Moreover, the system 100 includes first and second pressure sensors 138, 140. In general, the first pressure sensor 138 is configured to generate data indicative of the pressure of the hydraulic fluid within the supply conduit 116. As such, the first pressure sensor 138 may be fluidly coupled to the supply conduit 116. Similarly, the second pressure sensor 140 is configured to generate data indicative of the pressure of the hydraulic fluid within the return conduit 118. In this respect, the second pressure sensor 140 may be fluidly coupled to the return conduit 118. As will be described below, the data generated by the first and second pressure sensors 138, 140 is used to determine when the rotor 18 is slugged.
The first and second pressure sensors 138, 140 may be configured as any suitable devices for sensing or detecting the pressures of the hydraulic fluid within the supply and return conduits 116, 118, respectively. For example, the first and second pressure sensors 138, 140 may correspond to diaphragm pressure sensors, piston pressure sensors, strain gauge-based pressure sensors, electromagnetic pressure sensors, and/or the like.
Furthermore, in several embodiments, the system 100 may include one or more feeder actuators 142. In general, the feeder actuator(s) 142 is configured to rotationally drive or otherwise power a conveyor (not shown) within the feeder housing 44 (
Additionally, in some embodiments, the system 100 may include one or more crop condition sensors 144. In general, the crop condition sensor(s) 144 is configured to generate data indicative of one or more conditions of the crops present within the field that are being harvested. For example, such conditions may include the yield, biomass, moisture, and/or the like. In this respect, the crop condition sensor(s) 144 may be configured as an imaging device(s) (e.g., a camera(s)), a moisture sensor(s) (e.g., an optical sensor(s)), and/or the like. As will be described below, the data generated by the crop condition sensor(s) 144, in some embodiments, may be used in determining when the rotor 18 is slugged.
Moreover, the system 100 includes a computing system 146 communicatively coupled to one or more components of the agricultural harvester 10 and/or the system 100 to allow the operation of such components to be electronically or automatically controlled by the computing system 146. For instance, the computing system 146 may be communicatively coupled to the sensors 138, 140, 144 via a communicative link 148. As such, the computing system 146 may be configured to receive data from the sensors 138, 140, 144 that is indicative of various operating parameters of the agricultural harvester 10 and/or crop condition parameters. Furthermore, the computing system 146 may be communicatively coupled to the hydraulic pump 108, the ERC 134, the RFC 136, the gearbox 130, and/or the feeder actuator(s) 142 via the communicative link 148. In this respect, the computing system 146 may be configured to control the operation of the hydraulic pump 108, the ERC 134, the RFC 136, the gearbox 130, and/or the feeder actuator(s) 142. In addition, the computing system 146 may be communicatively coupled to any other suitable components of the agricultural harvester 10 and/or the system 100.
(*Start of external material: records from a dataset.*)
(* For every integer $q\ge 3$, the length (number of edges) of a longest path in the mirror full binary tree $M_q$ is exactly $2q^2$.
   Context: Let $B_q$ be a full binary tree of height $q$ with vertices $b_{\ell,1},\dots,b_{\ell,2^\ell}$ on level $\ell\in\{0,\dots,q\}$, where for $\ell<q$ the vertex $b_{\ell,i}$ is adjacent to its children $b_{\ell+1,2i-1}$ and $b_{\ell+1,2i}$; let $R_q$ be a disjoint copy with vertices $r_{\ell,i}$ defined analogously. The mirror full binary tree $M_q$ is the graph obtained from the disjoint union of $B_q$ and $R_q$ by identifying $b_{q,i}$ with $r_{q,i}$ for every $i\in\{1,\dots,2^q\}$. A path is a sequence of distinct vertices with consecutive vertices adjacent; its length is its number of edges. *)

theory Defs
  imports Main
begin

text \<open>Vertices of the disjoint union B_q + R_q: (tree, level, index), index in 1..2^level.\<close>
datatype tree_side = Blue | Red

type_synonym mvert = "tree_side \<times> nat \<times> nat"

text \<open>Quotient map identifying b_{q,i} with r_{q,i}: leaves are represented by their blue copy.\<close>
definition canon :: "nat \<Rightarrow> mvert \<Rightarrow> mvert" where
  "canon q v = (case v of (s, l, i) \<Rightarrow> if l = q then (Blue, l, i) else (s, l, i))"

definition union_verts :: "nat \<Rightarrow> mvert set" where
  "union_verts q = {(s, l, i). l \<le> q \<and> 1 \<le> i \<and> i \<le> 2 ^ l}"

definition mirror_verts :: "nat \<Rightarrow> mvert set" where
  "mirror_verts q = canon q ` union_verts q"

definition mirror_adj :: "nat \<Rightarrow> mvert \<Rightarrow> mvert \<Rightarrow> bool" where
  "mirror_adj q u v \<longleftrightarrow>
     (\<exists>s l i j. l < q \<and> 1 \<le> i \<and> i \<le> 2 ^ l \<and> (j = 2 * i - 1 \<or> j = 2 * i) \<and>
        ({u, v} = {canon q (s, l, i), canon q (s, Suc l, j)}))"

definition mirror_path :: "nat \<Rightarrow> mvert list \<Rightarrow> bool" where
  "mirror_path q p \<longleftrightarrow> p \<noteq> [] \<and> distinct p \<and> set p \<subseteq> mirror_verts q \<and>
     (\<forall>k. Suc k < length p \<longrightarrow> mirror_adj q (p ! k) (p ! Suc k))"

definition path_len :: "'a list \<Rightarrow> nat" where
  "path_len p = length p - 1"

end

theory Submission
  imports Defs
begin
(* For each $n\ge 2$ and $\ell\ge 2$ there exists a lattice tiling of $\mathbb{Z}^n$ with $\mathcal{S}_{L,K}$, where $L=(\ell,\ell,\dots,\ell)$ and $K=(\ell-1,\ell-1,\dots,\ell-1)$.
   Context: The discrete $n$-dimensional chair is $\mathcal{S}_{L,K}=\{(x_1,\dots,x_n)\in\mathbb{Z}^n: 0\le x_i<\ell_i \text{ for all } i, \text{ and there exists } j \text{ with } x_j<\ell_j-k_j\}$. A lattice is the set of integer combinations of $n$ linearly independent vectors of $\mathbb{Z}^n$; a lattice tiling of $\mathbb{Z}^n$ with a finite $\mathcal{S}\subset\mathbb{Z}^n$ is a lattice $\Lambda$ such that the translates $X+\mathcal{S}$, $X\in\Lambda$, are pairwise disjoint and cover $\mathbb{Z}^n$. *)

theory Defs
  imports Complex_Main
begin

definition int_space :: "nat \<Rightarrow> int list set" where
  "int_space n = {x. length x = n}"

definition chair :: "nat \<Rightarrow> int list \<Rightarrow> int list \<Rightarrow> int list set" where
  "chair n L K = {x. length x = n \<and> (\<forall>i<n. 0 \<le> x ! i \<and> x ! i < L ! i)
                    \<and> (\<exists>j<n. x ! j < L ! j - K ! j)}"

definition translate :: "int list \<Rightarrow> int list set \<Rightarrow> int list set" where
  "translate X S = (\<lambda>s. map2 (+) X s) ` S"

definition is_lattice :: "nat \<Rightarrow> int list set \<Rightarrow> bool" where
  "is_lattice n \<Lambda> \<longleftrightarrow> (\<exists>b :: nat \<Rightarrow> int list.
      (\<forall>i<n. length (b i) = n) \<and>
      (\<forall>c :: nat \<Rightarrow> real. (\<forall>j<n. (\<Sum>i<n. c i * real_of_int (b i ! j)) = 0)
          \<longrightarrow> (\<forall>i<n. c i = 0)) \<and>
      \<Lambda> = {map (\<lambda>j. \<Sum>i<n. z i * (b i ! j)) [0..<n] | z :: nat \<Rightarrow> int. True})"

definition lattice_tiling :: "nat \<Rightarrow> int list set \<Rightarrow> int list set \<Rightarrow> bool" where
  "lattice_tiling n \<Lambda> S \<longleftrightarrow> is_lattice n \<Lambda> \<and>
     (\<forall>X\<in>\<Lambda>. \<forall>Y\<in>\<Lambda>. X \<noteq> Y \<longrightarrow> translate X S \<inter> translate Y S = {}) \<and>
     (\<Union>X\<in>\<Lambda>. translate X S) = int_space n"

end

theory Submission
  imports Defs
begin

text \<open>The lattice is spanned by the vectors \<open>l e\<^sub>i - (l - 1) e\<^sub>i\<^sub>+\<^sub>1\<close> (indices modulo \<open>n\<close>),
  whose determinant \<open>l\<^sup>n - (l - 1)\<^sup>n\<close> is the size of the chair.  The translate of the chair
  by the lattice point with coefficient vector \<open>z\<close> has \<open>j\<close>-th coordinates in
  \<open>[l z\<^sub>j - (l - 1) z\<^sub>j\<^sub>-\<^sub>1, l z\<^sub>j - (l - 1) z\<^sub>j\<^sub>-\<^sub>1 + l)\<close>, with at least one coordinate at the lower end.
  Disjointness: if two translates meet, a maximal positive entry of the difference of the
  coefficient vectors propagates cyclically to all indices, contradicting the zero coordinate.
  Covering: among the lattice points lying componentwise below \<open>x\<close>, one with maximal
  coefficient sum leaves a remainder in the chair, since otherwise some coefficient, or all
  of them, could be increased by one.\<close>

definition cyc_pred :: "nat \<Rightarrow> nat \<Rightarrow> nat" where
  "cyc_pred n j = (if j = 0 then n - 1 else j - 1)"

definition chair_generator :: "nat \<Rightarrow> int \<Rightarrow> nat \<Rightarrow> int list" where
  "chair_generator n l i =
     map (\<lambda>j. (if j = i then l else 0) - (if i = cyc_pred n j then l - 1 else 0)) [0..<n]"

definition chair_lattice_point :: "nat \<Rightarrow> int \<Rightarrow> (nat \<Rightarrow> int) \<Rightarrow> int list" where
  "chair_lattice_point n l z = map (\<lambda>j. l * z j - (l - 1) * z (cyc_pred n j)) [0..<n]"

lemma cyc_pred_less: "j < n \<Longrightarrow> cyc_pred n j < n"
  unfolding cyc_pred_def by auto

lemma cyc_pred_neq: "2 \<le> n \<Longrightarrow> j < n \<Longrightarrow> cyc_pred n j \<noteq> j"
  unfolding cyc_pred_def by auto

lemma cyc_pred_invariant:
  assumes closed: "\<And>j. j < n \<Longrightarrow> P j \<Longrightarrow> P (cyc_pred n j)"
    and "j0 < n" "P j0" "j < n"
  shows "P j"
proof -
  have down: "P (i - k)" if "i < n" "P i" "k \<le> i" for i k
    using that(3)
  proof (induction k)
    case (Suc k)
    then have "cyc_pred n (i - k) = i - Suc k"
      by (simp add: cyc_pred_def)
    with Suc closed[of "i - k"] \<open>i < n\<close> show ?case
      by simp
  qed (use that in simp)
  have "P 0"
    using down[of j0 j0] assms by simp
  then have "P (n - 1)"
    using closed[of 0] \<open>j0 < n\<close> by (simp add: cyc_pred_def)
  then show "P j"
    using down[of "n - 1" "n - 1 - j"] \<open>j < n\<close> by simp
qed

lemma sum_cyc_pred:
  fixes f :: "nat \<Rightarrow> 'a::comm_monoid_add"
  assumes "0 < n"
  shows "(\<Sum>j<n. f (cyc_pred n j)) = (\<Sum>j<n. f j)"
proof -
  obtain m where m: "n = Suc m"
    using assms by (cases n) auto
  have "(\<Sum>j<Suc m. f (cyc_pred n j)) = f (cyc_pred n 0) + (\<Sum>j<m. f (cyc_pred n (Suc j)))"
    by (rule sum.lessThan_Suc_shift)
  also have "\<dots> = (\<Sum>j<Suc m. f j)"
    using m by (simp add: cyc_pred_def add.commute)
  finally show ?thesis
    using m by simp
qed

lemma length_chair_generator: "length (chair_generator n l i) = n"
  by (simp add: chair_generator_def)

lemma length_chair_lattice_point [simp]: "length (chair_lattice_point n l z) = n"
  by (simp add: chair_lattice_point_def)

lemma nth_chair_lattice_point [simp]:
  "j < n \<Longrightarrow> chair_lattice_point n l z ! j = l * z j - (l - 1) * z (cyc_pred n j)"
  by (simp add: chair_lattice_point_def)

lemma sum_chair_generator:
  fixes f :: "nat \<Rightarrow> 'a::comm_ring_1"
  assumes "2 \<le> n" "j < n"
  shows "(\<Sum>i<n. f i * of_int (chair_generator n l i ! j))
           = f j * of_int l - f (cyc_pred n j) * of_int (l - 1)"
proof -
  have "(\<Sum>i<n. f i * of_int (chair_generator n l i ! j))
          = (\<Sum>i<n. if i = j then f i * of_int l else 0)
            - (\<Sum>i<n. if i = cyc_pred n j then f i * of_int (l - 1) else 0)"
    unfolding sum_subtractf[symmetric]
    using assms cyc_pred_neq[OF assms]
    by (intro sum.cong) (auto simp: chair_generator_def algebra_simps)
  also have "\<dots> = f j * of_int l - f (cyc_pred n j) * of_int (l - 1)"
    using assms cyc_pred_less[OF assms(2)] by simp
  finally show ?thesis .
qed

lemma chair_lattice_eq:
  assumes "2 \<le> n"
  shows "{map (\<lambda>j. \<Sum>i<n. z i * (chair_generator n l i ! j)) [0..<n] | z :: nat \<Rightarrow> int. True}
           = range (chair_lattice_point n l)"
proof -
  have "map (\<lambda>j. \<Sum>i<n. z i * (chair_generator n l i ! j)) [0..<n] = chair_lattice_point n l z"
    for z
    using sum_chair_generator[OF assms, of _ z l]
    by (auto simp: chair_lattice_point_def mult.commute)
  then show ?thesis
    by auto
qed

text \<open>At an index where \<open>\<bar>c\<^sub>j\<bar>\<close> is maximal, with value \<open>A\<close>, the relation gives
  \<open>A l \<le> A (l - 1)\<close>.\<close>

lemma cyclic_relation_eq_zero:
  fixes c :: "nat \<Rightarrow> 'a::linordered_idom"
  assumes l: "1 \<le> l" and rel: "\<And>j. j < n \<Longrightarrow> c j * l = c (cyc_pred n j) * (l - 1)"
    and "i < n"
  shows "c i = 0"
proof -
  define A where "A = Max ((\<lambda>j. \<bar>c j\<bar>) ` {..<n})"
  have A_ge: "\<bar>c j\<bar> \<le> A" if "j < n" for j
    unfolding A_def using that by (intro Max_ge) auto
  have "A \<in> (\<lambda>j. \<bar>c j\<bar>) ` {..<n}"
    unfolding A_def using \<open>i < n\<close> by (intro Max_in) auto
  then obtain j where j: "j < n" "\<bar>c j\<bar> = A"
    by auto
  have "A * l = \<bar>c (cyc_pred n j)\<bar> * (l - 1)"
    using arg_cong[OF rel[OF j(1)], of abs] j l by (simp add: abs_mult)
  also have "\<dots> \<le> A * (l - 1)"
    using A_ge cyc_pred_less[OF j(1)] l by (intro mult_right_mono) auto
  finally have "A \<le> 0"
    by (simp add: algebra_simps)
  then show "c i = 0"
    using A_ge[OF \<open>i < n\<close>] by simp
qed

lemma is_lattice_chair_lattice:
  assumes "2 \<le> n" "1 \<le> l"
  shows "is_lattice n (range (chair_lattice_point n l))"
  unfolding is_lattice_def
proof (intro exI[of _ "chair_generator n l"] conjI allI impI)
  fix c :: "nat \<Rightarrow> real" and i
  assume "\<forall>j<n. (\<Sum>i<n. c i * real_of_int (chair_generator n l i ! j)) = 0" "i < n"
  then show "c i = 0"
    using assms sum_chair_generator[OF assms(1), of _ c l]
    by (intro cyclic_relation_eq_zero[of "real_of_int l" n c]) auto
qed (use chair_lattice_eq[OF assms(1), of l] in \<open>simp_all add: length_chair_generator\<close>)

lemma chair_replicate:
  "chair n (replicate n l) (replicate n (l - 1))
     = {x. length x = n \<and> (\<forall>i<n. 0 \<le> x ! i \<and> x ! i < l) \<and> (\<exists>j<n. x ! j = 0)}"
  unfolding chair_def by (auto; force)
In general, the computing system 146 may comprise one or more processor-based devices, such as a given controller or computing device or any suitable combination of controllers or computing devices. Thus, in several embodiments, the computing system 146 may include one or more processor(s) 150 and associated memory device(s) 152 configured to perform a variety of computer-implemented functions. As used herein, the term “processor” refers not only to integrated circuits referred to in the art as being included in a computer, but also refers to a controller, a microcontroller, a microcomputer, a programmable logic circuit (PLC), an application specific integrated circuit, and other programmable circuits. Additionally, the memory device(s) 152 of the computing system 146 may generally comprise memory element(s) including, but not limited to, a computer readable medium (e.g., random access memory RAM)), a computer readable non-volatile medium (e.g., a flash memory), a floppy disk, a compact disk-read only memory (CD-ROM), a magneto-optical disk (MOD), a digital versatile disk (DVD) and/or other suitable memory elements. Such memory device(s) 152 may generally be configured to store suitable computer-readable instructions that, when implemented by the processor(s) 150, configure the computing system 146 to perform various computer-implemented functions, such as one or more aspects of the methods and algorithms that will be described herein. In addition, the computing system 146 may also include various other suitable components, such as a communications circuit or module, one or more input/output channels, a data/control bus and/or the like.
The various functions of the computing system 146 may be performed by a single processor-based device or may be distributed across any number of processor-based devices, in which instance such devices may be considered to form part of the computing system 146. For instance, the functions of the computing system 146 may be distributed across multiple application-specific controllers or computing devices, such as a navigation controller, an engine controller, a transmission controller, and/or the like.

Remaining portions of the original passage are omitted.